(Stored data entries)
# # #

lemma cond_source_coding_converse:
  fixes p :: "'a \<Rightarrow> real" and c :: "'a \<Rightarrow> bool list"
  assumes fin: "finite \<Omega>" and pos: "\<And>\<omega>. \<omega> \<in> \<Omega> \<Longrightarrow> p \<omega> > 0"
    and pf: "\<And>b. prefix_free (c ` {\<omega>\<in>\<Omega>. \<beta> \<omega> = b})"
    and sep: "\<And>\<omega> \<omega>'. \<omega> \<in> \<Omega> \<Longrightarrow> \<omega>' \<in> \<Omega> \<Longrightarrow> \<beta> \<omega>' = \<beta> \<omega> \<Longrightarrow> c \<omega>' = c \<omega> \<Longrightarrow> \<kappa> \<omega>' = \<kappa> \<omega>"
  shows "(\<Sum>\<omega>\<in>\<Omega>. p \<omega> * cond_info p \<Omega> \<kappa> \<beta> \<omega>) \<le> (\<Sum>\<omega>\<in>\<Omega>. p \<omega> * length (c \<omega>))"
proof -
  have class_info: "cond_info p \<Omega> c \<beta> \<omega>
      = log 2 (sum p {\<omega>\<in>\<Omega>. \<beta> \<omega> = b} / sum p {\<omega>'\<in>{\<omega>\<in>\<Omega>. \<beta> \<omega> = b}. c \<omega>' = c \<omega>})"
    if "\<beta> \<omega> = b" for \<omega> b
  proof -
    have "{\<omega>'\<in>\<Omega>. c \<omega>' = c \<omega> \<and> \<beta> \<omega>' = \<beta> \<omega>} = {\<omega>'\<in>{\<omega>\<in>\<Omega>. \<beta> \<omega> = b}. c \<omega>' = c \<omega>}"
      using that by auto
    then show ?thesis
      by (simp add: cond_info_def that)
  qed
  have "(\<Sum>\<omega>\<in>\<Omega>. p \<omega> * cond_info p \<Omega> \<kappa> \<beta> \<omega>) \<le> (\<Sum>\<omega>\<in>\<Omega>. p \<omega> * cond_info p \<Omega> c \<beta> \<omega>)"
  proof (rule sum_mono)
    fix \<omega> assume "\<omega> \<in> \<Omega>"
    have "cond_info p \<Omega> \<kappa> \<beta> \<omega> \<le> cond_info p \<Omega> c \<beta> \<omega>"
      by (rule cond_info_mono[where \<kappa> = \<kappa> and \<beta> = \<beta> and \<kappa>' = c, OF fin pos \<open>\<omega> \<in> \<Omega>\<close> sep[OF \<open>\<omega> \<in> \<Omega>\<close>]])
    then show "p \<omega> * cond_info p \<Omega> \<kappa> \<beta> \<omega> \<le> p \<omega> * cond_info p \<Omega> c \<beta> \<omega>"
      using pos[OF \<open>\<omega> \<in> \<Omega>\<close>] by (simp add: mult_left_mono)
  qed
  also have "\<dots> = (\<Sum>b\<in>\<beta> ` \<Omega>. \<Sum>\<omega>\<in>{\<omega>\<in>\<Omega>. \<beta> \<omega> = b}.
      p \<omega> * log 2 (sum p {\<omega>\<in>\<Omega>. \<beta> \<omega> = b} / sum p {\<omega>'\<in>{\<omega>\<in>\<Omega>. \<beta> \<omega> = b}. c \<omega>' = c \<omega>}))"
    by (subst sum.image_gen[OF fin, of _ \<beta>]) (auto intro!: sum.cong simp: class_info)
  also have "\<dots> \<le> (\<Sum>b\<in>\<beta> ` \<Omega>. \<Sum>\<omega>\<in>{\<omega>\<in>\<Omega>. \<beta> \<omega> = b}. p \<omega> * length (c \<omega>))"
    using fin pos pf by (intro sum_mono source_coding_converse) auto
  also have "\<dots> = (\<Sum>\<omega>\<in>\<Omega>. p \<omega> * length (c \<omega>))"
    by (rule sum.image_gen[OF fin, symmetric])
  finally show ?thesis .
qed
(* Let $(C,M)$ be an instance of 2-SBCM with $|C|=3$ characters and $n\ge 1$ meetings in which no two consecutive meetings of $M$ are equal. Then it has a solution using at most $\lceil n/2\rceil-1$ block crossings.
   Context: A storyline instance is a pair $(C,M)$ where $C=\{1,\dots,k\}$ is a set of characters and $M=[m_1,\dots,m_n]$ is a sequence of meetings with $m_i\subseteq C$; in 2-SBCM every meeting has exactly two characters. A permutation of $C$ lists each character exactly once. For $1\le a\le b<c\le k$, the block crossing $(a,b,c)$ maps $\langle \pi_1,\dots,\pi_k\rangle$ to $\langle \pi_1,\dots,\pi_{a-1},\pi_{b+1},\dots,\pi_c,\pi_a,\dots,\pi_b,\pi_{c+1},\dots,\pi_k\rangle$. A meeting fits (is supported by) a permutation if its characters occupy consecutive positions. A solution is a start permutation $\pi^0$ and sequences $B_1,\dots,B_n$ of block crossings (possibly empty) such that, with $\pi^i$ obtained by applying $B_i$ in order to $\pi^{i-1}$, $\pi^i$ supports $m_i$ for all $i$; its number of block crossings is $\sum_i|B_i|$. *)

theory Defs
  imports Complex_Main
begin

definition is_perm :: "nat \<Rightarrow> nat list \<Rightarrow> bool" where
  "is_perm k \<pi> \<longleftrightarrow> distinct \<pi> \<and> set \<pi> = {1..k}"

definition valid_bc :: "nat \<Rightarrow> nat \<times> nat \<times> nat \<Rightarrow> bool" where
  "valid_bc k t = (case t of (a,b,c) \<Rightarrow> 1 \<le> a \<and> a \<le> b \<and> b < c \<and> c \<le> k)"

text \<open>(a,b,c) maps pi_1..pi_k to pi_1..pi_{a-1}, pi_{b+1}..pi_c, pi_a..pi_b, pi_{c+1}..pi_k
  (positions 1-based, list indices 0-based).\<close>
definition apply_bc :: "nat \<times> nat \<times> nat \<Rightarrow> 'a list \<Rightarrow> 'a list" where
  "apply_bc t \<pi> = (case t of (a,b,c) \<Rightarrow>
     take (a - 1) \<pi> @ take (c - b) (drop b \<pi>) @ take (b - a + 1) (drop (a - 1) \<pi>) @ drop c \<pi>)"

definition supports :: "'a list \<Rightarrow> 'a set \<Rightarrow> bool" where
  "supports \<pi> m \<longleftrightarrow> (\<exists>i j. i \<le> j \<and> j < length \<pi> \<and> set (take (j - i + 1) (drop i \<pi>)) = m)"

text \<open>Permutation after meeting i (0-based): apply B_1, ..., B_{i+1} in order to pi0.\<close>
definition perm_after :: "nat list \<Rightarrow> (nat \<times> nat \<times> nat) list list \<Rightarrow> nat \<Rightarrow> nat list" where
  "perm_after \<pi>0 Bs i = fold apply_bc (concat (take (Suc i) Bs)) \<pi>0"

definition is_solution :: "nat \<Rightarrow> nat set list \<Rightarrow> nat list \<Rightarrow> (nat \<times> nat \<times> nat) list list \<Rightarrow> bool" where
  "is_solution k M \<pi>0 Bs \<longleftrightarrow> is_perm k \<pi>0 \<and> length Bs = length M \<and>
     (\<forall>B\<in>set Bs. \<forall>t\<in>set B. valid_bc k t) \<and>
     (\<forall>i<length M. supports (perm_after \<pi>0 Bs i) (M ! i))"

definition num_bc :: "(nat \<times> nat \<times> nat) list list \<Rightarrow> nat" where
  "num_bc Bs = sum_list (map length Bs)"

end

theory Submission
  imports Defs
begin

text \<open>Any two meetings among three characters share a character, and a single block crossing
  moves that character to the middle of the current permutation, where both meetings fit.
  Hence consecutive pairs of meetings cost at most one block crossing each, and the first
  pair costs none because the start permutation can be chosen freely.\<close>

lemma ceiling_half_of_nat: "\<lceil>real n / 2\<rceil> = int ((n + 1) div 2)"
  by (rule ceiling_unique) linarith+

lemma subsets_intersect_if_card_sum_exceeds:
  assumes "finite S" "A \<subseteq> S" "B \<subseteq> S" "card A + card B > card S"
  shows "A \<inter> B \<noteq> {}"
proof
  assume "A \<inter> B = {}"
  then have "card (A \<union> B) = card A + card B"
    using assms(1-3) by (meson card_Un_disjoint finite_subset)
  moreover have "card (A \<union> B) \<le> card S"
    using assms(1-3) by (simp add: card_mono)
  ultimately show False using assms(4) by linarith
qed

lemma is_perm_3_obtain:
  assumes "is_perm 3 \<pi>"
  obtains p q r where "\<pi> = [p, q, r]"
proof -
  have "length \<pi> = 3"
    using assms distinct_card unfolding is_perm_def by fastforce
  then show thesis
    using that by (auto simp: numeral_eq_Suc length_Suc_conv)
qed

lemma supports_through_middle:
  assumes "m \<subseteq> {x, b, y}" "card m = 2" "b \<in> m"
  shows "supports [x, b, y] m"
proof -
  obtain z where z: "m = {b, z}" "z \<in> {x, y}"
    using assms by (auto simp: card_2_iff)
  have "supports [x, b, y] {x, b}"
    unfolding supports_def by (rule exI[of _ 0], rule exI[of _ 1]) simp
  moreover have "supports [x, b, y] {b, y}"
    unfolding supports_def by (rule exI[of _ 1], rule exI[of _ 2]) (simp add: numeral_eq_Suc)
  ultimately show ?thesis
    using z by (auto simp: insert_commute)
qed

lemma move_to_middle:
  assumes "is_perm 3 \<pi>" "b \<in> set \<pi>"
  shows "\<exists>B x y. length B \<le> 1 \<and> (\<forall>t\<in>set B. valid_bc 3 t) \<and>
           fold apply_bc B \<pi> = [x, b, y] \<and> is_perm 3 [x, b, y]"
proof -
  obtain p q r where \<pi>: "\<pi> = [p, q, r]"
    using assms(1) by (rule is_perm_3_obtain)
  consider "b = p" | "b = q" | "b = r"
    using assms(2) \<pi> by auto
  then show ?thesis
  proof cases
    case 1
    then show ?thesis using assms(1) \<pi>
      by (intro exI[of _ "[(1, 1, 2)]"] exI[of _ q] exI[of _ r])
        (auto simp: valid_bc_def apply_bc_def is_perm_def numeral_eq_Suc insert_commute)
  next
    case 2
    then show ?thesis using assms(1) \<pi>
      by (intro exI[of _ "[]"] exI[of _ p] exI[of _ r]) auto
  next
    case 3
    then show ?thesis using assms(1) \<pi>
      by (intro exI[of _ "[(2, 2, 3)]"] exI[of _ p] exI[of _ q])
        (auto simp: valid_bc_def apply_bc_def is_perm_def numeral_eq_Suc insert_commute)
  qed
qed

lemma one_crossing_supports_two_meetings:
  assumes "is_perm 3 \<pi>"
    and "m \<subseteq> {1..3}" "card m = 2" "m' \<subseteq> {1..3}" "card m' = 2"
  shows "\<exists>B. length B \<le> 1 \<and> (\<forall>t\<in>set B. valid_bc 3 t) \<and> is_perm 3 (fold apply_bc B \<pi>) \<and>
           supports (fold apply_bc B \<pi>) m \<and> supports (fold apply_bc B \<pi>) m'"
proof -
  obtain b where b: "b \<in> m" "b \<in> m'"
    using subsets_intersect_if_card_sum_exceeds[of "{1..3::nat}" m m'] assms(2-5) by auto
  have "b \<in> set \<pi>"
    using assms(1,2) b(1) unfolding is_perm_def by auto
  then obtain B x y where B: "length B \<le> 1" "\<forall>t\<in>set B. valid_bc 3 t"
      "fold apply_bc B \<pi> = [x, b, y]" "is_perm 3 [x, b, y]"
    using move_to_middle assms(1) by blast
  have "{1..3} = {x, b, y}"
    using B(4) unfolding is_perm_def by simp
  then show ?thesis
    using B b assms(2-5) supports_through_middle by metis
qed

lemma start_permutation_supporting_two_meetings:
  assumes "m \<subseteq> {1..3}" "card m = 2" "m' \<subseteq> {1..3}" "card m' = 2"
  shows "\<exists>\<pi>. is_perm 3 \<pi> \<and> supports \<pi> m \<and> supports \<pi> m'"
proof -
  have "is_perm 3 [1, 2, 3]" by (auto simp: is_perm_def)
  then show ?thesis
    using one_crossing_supports_two_meetings assms by blast
qed

lemma is_solution_Nil: "is_solution k [] \<pi> [] \<longleftrightarrow> is_perm k \<pi>"
  by (simp add: is_solution_def)

lemma is_solution_Cons:
  assumes "is_perm k \<pi>" "\<forall>t\<in>set B. valid_bc k t" "supports (fold apply_bc B \<pi>) m"
    and "is_solution k M (fold apply_bc B \<pi>) Bs"
  shows "is_solution k (m # M) \<pi> (B # Bs)"
  unfolding is_solution_def
proof (intro conjI ballI allI impI)
  fix i assume "i < length (m # M)"
  with assms(3,4) show "supports (perm_after \<pi> (B # Bs) i) ((m # M) ! i)"
    by (cases i) (simp_all add: perm_after_def is_solution_def)
qed (use assms in \<open>auto simp: is_solution_def\<close>)

lemma solution_one_crossing_per_two_meetings:
  assumes "\<forall>m\<in>set M. m \<subseteq> {1..3} \<and> card m = 2" "is_perm 3 \<pi>"
  shows "\<exists>Bs. is_solution 3 M \<pi> Bs \<and> num_bc Bs \<le> (length M + 1) div 2"
  using assms
proof (induction M arbitrary: \<pi> rule: induct_list012)
  case 1
  then show ?case by (intro exI[of _ "[]"]) (simp add: is_solution_Nil num_bc_def)
next
  case (2 x)
  then obtain B where "length B \<le> 1" "\<forall>t\<in>set B. valid_bc 3 t" "is_perm 3 (fold apply_bc B \<pi>)"
      "supports (fold apply_bc B \<pi>) x"
    using one_crossing_supports_two_meetings[of \<pi> x x] by auto
  with "2.prems"(2) show ?case
    by (intro exI[of _ "[B]"]) (auto simp: is_solution_Cons is_solution_Nil num_bc_def)
next
  case (3 x y zs)
  then obtain B where B: "length B \<le> 1" "\<forall>t\<in>set B. valid_bc 3 t"
      "is_perm 3 (fold apply_bc B \<pi>)"
      "supports (fold apply_bc B \<pi>) x" "supports (fold apply_bc B \<pi>) y"
    using one_crossing_supports_two_meetings[of \<pi> x y] by auto
  moreover have "\<forall>m\<in>set zs. m \<subseteq> {1..3} \<and> card m = 2"
    using "3.prems"(1) by simp
  ultimately obtain Bs where
      Bs: "is_solution 3 zs (fold apply_bc B \<pi>) Bs" "num_bc Bs \<le> (length zs + 1) div 2"
    using "3.IH"(1) by blast
  have "is_solution 3 (x # y # zs) \<pi> (B # [] # Bs)"
    using B Bs(1) "3.prems"(2) by (simp add: is_solution_Cons)
  moreover have "num_bc (B # [] # Bs) \<le> (length (x # y # zs) + 1) div 2"
    using B(1) Bs(2) by (simp add: num_bc_def)
  ultimately show ?case by blast
qed

theorem lemma5:
  fixes M :: "nat set list"
  assumes "length M \<ge> 1"
    and "\<forall>m\<in>set M. m \<subseteq> {1..3} \<and> card m = 2"
    and "\<forall>i. Suc i < length M \<longrightarrow> M ! i \<noteq> M ! Suc i"
  shows "\<exists>\<pi>0 Bs. is_solution 3 M \<pi>0 Bs \<and>
           real (num_bc Bs) \<le> real_of_int (ceiling (real (length M) / 2)) - 1"
proof -
  obtain x rest where M: "M = x # rest"
    using assms(1) by (cases M) auto
  define y where "y = hd (rest @ [x])" \<comment> \<open>the second meeting, or \<open>x\<close> again if there is none\<close>
  have meetings: "x \<subseteq> {1..3}" "card x = 2" "y \<subseteq> {1..3}" "card y = 2"
    using assms(2) M by (auto simp: y_def hd_append split: if_splits)
  obtain \<pi>0 where \<pi>0: "is_perm 3 \<pi>0" "supports \<pi>0 x" "supports \<pi>0 y"
    using start_permutation_supporting_two_meetings meetings by blast
  show ?thesis
  proof (cases rest)
    case Nil
    then have "is_solution 3 M \<pi>0 [[]]"
      using M \<pi>0 by (simp add: is_solution_Cons is_solution_Nil)
    then show ?thesis
      using M Nil by (intro exI[of _ \<pi>0] exI[of _ "[[]]"]) (simp add: num_bc_def)
  next
    case (Cons y' zs)
    then obtain Bs where Bs: "is_solution 3 zs \<pi>0 Bs" "num_bc Bs \<le> (length zs + 1) div 2"
      using solution_one_crossing_per_two_meetings[of zs \<pi>0] assms(2) M \<pi>0(1) by auto
    have "is_solution 3 M \<pi>0 ([] # [] # Bs)"
      using M Cons \<pi>0 Bs(1) by (simp add: is_solution_Cons y_def)
    moreover have "\<lceil>real (length M) / 2\<rceil> = int ((length zs + 1) div 2) + 1"
      using ceiling_half_of_nat[of "length M"] M Cons by simp
    ultimately show ?thesis
      using Bs(2) by (intro exI[of _ \<pi>0] exI[of _ "[] # [] # Bs"]) (simp add: num_bc_def)
  qed
qed

end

# # #

◆ **EXERCISE PROMPT**
Across the records, count the lines that contain the word "unfolding" and give that figure alone.

◆ **SOLUTION TO THIS EXERCISE**
6